Data for analysis:
┌────────
lemma r1_r2: "r1 (r2 v) = xi ^ 2 * v"
  unfolding r1_eq r2_eq using xi_pow_5 by (simp add: cnj_xi) algebra

lemma r2_r2: "r2 (r2 v) = v"
  unfolding r2_eq using xi_pow_5 by (simp add: cnj_xi) algebra

lemma r1_xi_pow: "r1 (xi ^ j) = xi ^ (9 * j + 5)"
  by (simp add: r1_eq cnj_xi power_add power_mult xi_pow_5)

lemma r2_xi_pow: "r2 (xi ^ j) = xi ^ (9 * j + 3)"
  by (simp add: r2_eq cnj_xi power_add power_mult)

lemma xi_pow_in_roots: "xi ^ k \<in> (\<lambda>j. xi ^ j) ` {..<10}"
  using xi_pow_mod_10[of k] by (intro image_eqI[of _ _ "k mod 10"]) auto

lemma gen_map_root:
  assumes "g \<noteq> GT"
  shows "gen_map g (xi ^ j) \<in> (\<lambda>j. xi ^ j) ` {..<10}"
  using assms by (cases g) (simp_all add: r1_xi_pow r2_xi_pow xi_pow_in_roots)

lemma gen_map_involution:
  assumes "g \<noteq> GT"
  shows "gen_map g (gen_map g v) = v"
  using assms by (cases g) (simp_all add: r1_eq r2_r2)

lemma additive_gen_map:
  assumes "g \<noteq> GT"
  shows "additive (gen_map g)"
  using assms by unfold_locales (cases g; simp add: r1_eq r2_eq algebra_simps)

lemma word_map_Cons: "word_map (g # w) = gen_map g \<circ> word_map w"
  by (simp add: word_map_def)

lemma zero_in_Q2: "0 \<in> Q2 n"
  unfolding Q2_def by (rule CollectI, rule exI[of _ "[]"]) (simp add: word_map_def)

lemma Q2_mono: "k \<le> n \<Longrightarrow> Q2 k \<subseteq> Q2 n"
  unfolding Q2_def by force

lemma Q2_reflection_closed:
  assumes "x \<in> Q2 n" "g \<noteq> GT"
  shows "gen_map g x \<in> Q2 n"
proof -
  obtain w where "x = word_map w 0" "count_list w GT \<le> n"
    using assms(1) unfolding Q2_def by blast
  then have "gen_map g x = word_map (g # w) 0" "count_list (g # w) GT \<le> n"
    using assms(2) by (simp_all add: word_map_Cons)
  then show ?thesis
    unfolding Q2_def by blast
qed

lemma Q2_Tr:
  assumes "x \<in> Q2 n"
  shows "Tr x \<in> Q2 (Suc n)"
proof -
  obtain w where "x = word_map w 0" "count_list w GT \<le> n"
    using assms unfolding Q2_def by blast
  then have "Tr x = word_map (GT # w) 0" "count_list (GT # w) GT \<le> Suc n"
    by (simp_all add: word_map_Cons)
  then show ?thesis
    unfolding Q2_def by blast
qed

definition Q2_translation :: "complex \<Rightarrow> bool" where
  "Q2_translation a \<longleftrightarrow> (\<forall>n x. x \<in> Q2 n \<longrightarrow> x + a \<in> Q2 (Suc n))"

lemma Q2_translation_reflect:
  assumes "Q2_translation a" "g \<noteq> GT"
  shows "Q2_translation (gen_map g a)"
  unfolding Q2_translation_def
proof (intro allI impI)
  fix n x
  assume "x \<in> Q2 n"
  then have "gen_map g (gen_map g x + a) \<in> Q2 (Suc n)"
    using assms Q2_reflection_closed unfolding Q2_translation_def by blast
  then show "x + gen_map g a \<in> Q2 (Suc n)"
    using assms(2) by (simp add: additive.add[OF additive_gen_map] gen_map_involution)
qed

lemma Q2_translation_rotate:
  assumes "Q2_translation a"
  shows "Q2_translation (xi ^ (2 * k) * a)"
proof (induction k)
  case 0
  show ?case
    using assms by simp
next
  case (Suc k)
  then have "Q2_translation (r1 (r2 (xi ^ (2 * k) * a)))"
    using Q2_translation_reflect[where g = GR1] Q2_translation_reflect[where g = GR2] by simp
  moreover have "xi ^ (2 * Suc k) * a = xi ^ 2 * (xi ^ (2 * k) * a)"
    by (simp only: mult_Suc_right power_add mult.assoc)
  ultimately show ?case
    by (simp only: r1_r2)
qed

lemma Q2_translation_xi_pow: "Q2_translation (xi ^ j)"
proof -
  define k where "k = (j + 8) div 2"
  define i where "i = 2 + j mod 2"
  have "j + 10 = 2 * k + i"
    unfolding k_def i_def by presburger
  have "xi ^ j = xi ^ (j + 10)"
    using xi_pow_mod_10[of j] xi_pow_mod_10[of "j + 10"] by simp
  also have "\<dots> = xi ^ (2 * k) * xi ^ i"
    unfolding \<open>j + 10 = 2 * k + i\<close> by (rule power_add)
  finally have "xi ^ j = xi ^ (2 * k) * xi ^ i" .
  moreover have "Q2_translation (xi ^ 2)"
    unfolding Q2_translation_def using Q2_Tr by (simp add: Tr_def alphaH_eq)
  moreover have "Q2_translation (xi ^ 3)"
    using Q2_translation_reflect[OF \<open>Q2_translation (xi ^ 2)\<close>, where g = GR1]
      xi_pow_mod_10[of 23] by (simp add: r1_xi_pow)
  moreover have "i = 2 \<or> i = 3"
    unfolding i_def by presburger
  ultimately show ?thesis
    using Q2_translation_rotate by auto
qed

lemma word_map_in_nat_combinations:
  "word_map w 0 \<in> nat_combinations (\<lambda>j. xi ^ j) {..<10} (count_list w GT)"
proof (induction w)
  case Nil
  show ?case
    by (simp add: word_map_def nat_combinations_0)
next
  case (Cons g w)
  show ?case
  proof (cases "g = GT")
    case True
    then show ?thesis
      using nat_combinations_add[OF _ _ Cons.IH, where j = 2]
      by (simp add: word_map_Cons Tr_def alphaH_eq)
  next
    case False
    then show ?thesis
      using nat_combinations_additive_image[OF _ additive_gen_map gen_map_root] Cons.IH
      by (auto simp: word_map_Cons)
  qed
qed

lemma nat_combinations_subset_Q2: "nat_combinations (\<lambda>j. xi ^ j) {..<10} n \<subseteq> Q2 n"
  using zero_in_Q2 Q2_mono Q2_translation_xi_pow
  by (intro nat_combinations_minimal) (auto simp: Q2_translation_def)

theorem proposition6p1:
  fixes n :: nat
  shows "Q2 n = {(\<Sum>j<10. of_nat (m j) * xi ^ j) | m :: nat \<Rightarrow> nat. (\<Sum>j<10. m j) \<le> n}"
proof -
  have "Q2 n \<subseteq> nat_combinations (\<lambda>j. xi ^ j) {..<10} n"
  proof
    fix x
    assume "x \<in> Q2 n"
    then obtain w where "x = word_map w 0" "count_list w GT \<le> n"
      unfolding Q2_def by blast
    then show "x \<in> nat_combinations (\<lambda>j. xi ^ j) {..<10} n"
      using word_map_in_nat_combinations nat_combinations_mono by blast
  qed
  with nat_combinations_subset_Q2 have "Q2 n = nat_combinations (\<lambda>j. xi ^ j) {..<10} n"
    by blast
  then show ?thesis
    unfolding nat_combinations_def by simp
qed

end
└────────
Goal of the exercise: From the first line to the last, return the data exactly.

Result of the exercise:
lemma r1_r2: "r1 (r2 v) = xi ^ 2 * v"
  unfolding r1_eq r2_eq using xi_pow_5 by (simp add: cnj_xi) algebra

lemma r2_r2: "r2 (r2 v) = v"
  unfolding r2_eq using xi_pow_5 by (simp add: cnj_xi) algebra

lemma r1_xi_pow: "r1 (xi ^ j) = xi ^ (9 * j + 5)"
  by (simp add: r1_eq cnj_xi power_add power_mult xi_pow_5)

lemma r2_xi_pow: "r2 (xi ^ j) = xi ^ (9 * j + 3)"
  by (simp add: r2_eq cnj_xi power_add power_mult)

lemma xi_pow_in_roots: "xi ^ k \<in> (\<lambda>j. xi ^ j) ` {..<10}"
  using xi_pow_mod_10[of k] by (intro image_eqI[of _ _ "k mod 10"]) auto

lemma gen_map_root:
  assumes "g \<noteq> GT"
  shows "gen_map g (xi ^ j) \<in> (\<lambda>j. xi ^ j) ` {..<10}"
  using assms by (cases g) (simp_all add: r1_xi_pow r2_xi_pow xi_pow_in_roots)

lemma gen_map_involution:
  assumes "g \<noteq> GT"
  shows "gen_map g (gen_map g v) = v"
  using assms by (cases g) (simp_all add: r1_eq r2_r2)

lemma additive_gen_map:
  assumes "g \<noteq> GT"
  shows "additive (gen_map g)"
  using assms by unfold_locales (cases g; simp add: r1_eq r2_eq algebra_simps)

lemma word_map_Cons: "word_map (g # w) = gen_map g \<circ> word_map w"
  by (simp add: word_map_def)

lemma zero_in_Q2: "0 \<in> Q2 n"
  unfolding Q2_def by (rule CollectI, rule exI[of _ "[]"]) (simp add: word_map_def)

lemma Q2_mono: "k \<le> n \<Longrightarrow> Q2 k \<subseteq> Q2 n"
  unfolding Q2_def by force

lemma Q2_reflection_closed:
  assumes "x \<in> Q2 n" "g \<noteq> GT"
  shows "gen_map g x \<in> Q2 n"
proof -
  obtain w where "x = word_map w 0" "count_list w GT \<le> n"
    using assms(1) unfolding Q2_def by blast
  then have "gen_map g x = word_map (g # w) 0" "count_list (g # w) GT \<le> n"
    using assms(2) by (simp_all add: word_map_Cons)
  then show ?thesis
    unfolding Q2_def by blast
qed

lemma Q2_Tr:
  assumes "x \<in> Q2 n"
  shows "Tr x \<in> Q2 (Suc n)"
proof -
  obtain w where "x = word_map w 0" "count_list w GT \<le> n"
    using assms unfolding Q2_def by blast
  then have "Tr x = word_map (GT # w) 0" "count_list (GT # w) GT \<le> Suc n"
    by (simp_all add: word_map_Cons)
  then show ?thesis
    unfolding Q2_def by blast
qed

definition Q2_translation :: "complex \<Rightarrow> bool" where
  "Q2_translation a \<longleftrightarrow> (\<forall>n x. x \<in> Q2 n \<longrightarrow> x + a \<in> Q2 (Suc n))"

lemma Q2_translation_reflect:
  assumes "Q2_translation a" "g \<noteq> GT"
  shows "Q2_translation (gen_map g a)"
  unfolding Q2_translation_def
proof (intro allI impI)
  fix n x
  assume "x \<in> Q2 n"
  then have "gen_map g (gen_map g x + a) \<in> Q2 (Suc n)"
    using assms Q2_reflection_closed unfolding Q2_translation_def by blast
  then show "x + gen_map g a \<in> Q2 (Suc n)"
    using assms(2) by (simp add: additive.add[OF additive_gen_map] gen_map_involution)
qed

lemma Q2_translation_rotate:
  assumes "Q2_translation a"
  shows "Q2_translation (xi ^ (2 * k) * a)"
proof (induction k)
  case 0
  show ?case
    using assms by simp
next
  case (Suc k)
  then have "Q2_translation (r1 (r2 (xi ^ (2 * k) * a)))"
    using Q2_translation_reflect[where g = GR1] Q2_translation_reflect[where g = GR2] by simp
  moreover have "xi ^ (2 * Suc k) * a = xi ^ 2 * (xi ^ (2 * k) * a)"
    by (simp only: mult_Suc_right power_add mult.assoc)
  ultimately show ?case
    by (simp only: r1_r2)
qed

lemma Q2_translation_xi_pow: "Q2_translation (xi ^ j)"
proof -
  define k where "k = (j + 8) div 2"
  define i where "i = 2 + j mod 2"
  have "j + 10 = 2 * k + i"
    unfolding k_def i_def by presburger
  have "xi ^ j = xi ^ (j + 10)"
    using xi_pow_mod_10[of j] xi_pow_mod_10[of "j + 10"] by simp
  also have "\<dots> = xi ^ (2 * k) * xi ^ i"
    unfolding \<open>j + 10 = 2 * k + i\<close> by (rule power_add)
  finally have "xi ^ j = xi ^ (2 * k) * xi ^ i" .
  moreover have "Q2_translation (xi ^ 2)"
    unfolding Q2_translation_def using Q2_Tr by (simp add: Tr_def alphaH_eq)
  moreover have "Q2_translation (xi ^ 3)"
    using Q2_translation_reflect[OF \<open>Q2_translation (xi ^ 2)\<close>, where g = GR1]
      xi_pow_mod_10[of 23] by (simp add: r1_xi_pow)
  moreover have "i = 2 \<or> i = 3"
    unfolding i_def by presburger
  ultimately show ?thesis
    using Q2_translation_rotate by auto
qed

lemma word_map_in_nat_combinations:
  "word_map w 0 \<in> nat_combinations (\<lambda>j. xi ^ j) {..<10} (count_list w GT)"
proof (induction w)
  case Nil
  show ?case
    by (simp add: word_map_def nat_combinations_0)
next
  case (Cons g w)
  show ?case
  proof (cases "g = GT")
    case True
    then show ?thesis
      using nat_combinations_add[OF _ _ Cons.IH, where j = 2]
      by (simp add: word_map_Cons Tr_def alphaH_eq)
  next
    case False
    then show ?thesis
      using nat_combinations_additive_image[OF _ additive_gen_map gen_map_root] Cons.IH
      by (auto simp: word_map_Cons)
  qed
qed

lemma nat_combinations_subset_Q2: "nat_combinations (\<lambda>j. xi ^ j) {..<10} n \<subseteq> Q2 n"
  using zero_in_Q2 Q2_mono Q2_translation_xi_pow
  by (intro nat_combinations_minimal) (auto simp: Q2_translation_def)

theorem proposition6p1:
  fixes n :: nat
  shows "Q2 n = {(\<Sum>j<10. of_nat (m j) * xi ^ j) | m :: nat \<Rightarrow> nat. (\<Sum>j<10. m j) \<le> n}"
proof -
  have "Q2 n \<subseteq> nat_combinations (\<lambda>j. xi ^ j) {..<10} n"
  proof
    fix x
    assume "x \<in> Q2 n"
    then obtain w where "x = word_map w 0" "count_list w GT \<le> n"
      unfolding Q2_def by blast
    then show "x \<in> nat_combinations (\<lambda>j. xi ^ j) {..<10} n"
      using word_map_in_nat_combinations nat_combinations_mono by blast
  qed
  with nat_combinations_subset_Q2 have "Q2 n = nat_combinations (\<lambda>j. xi ^ j) {..<10} n"
    by blast
  then show ?thesis
    unfolding nat_combinations_def by simp
qed

end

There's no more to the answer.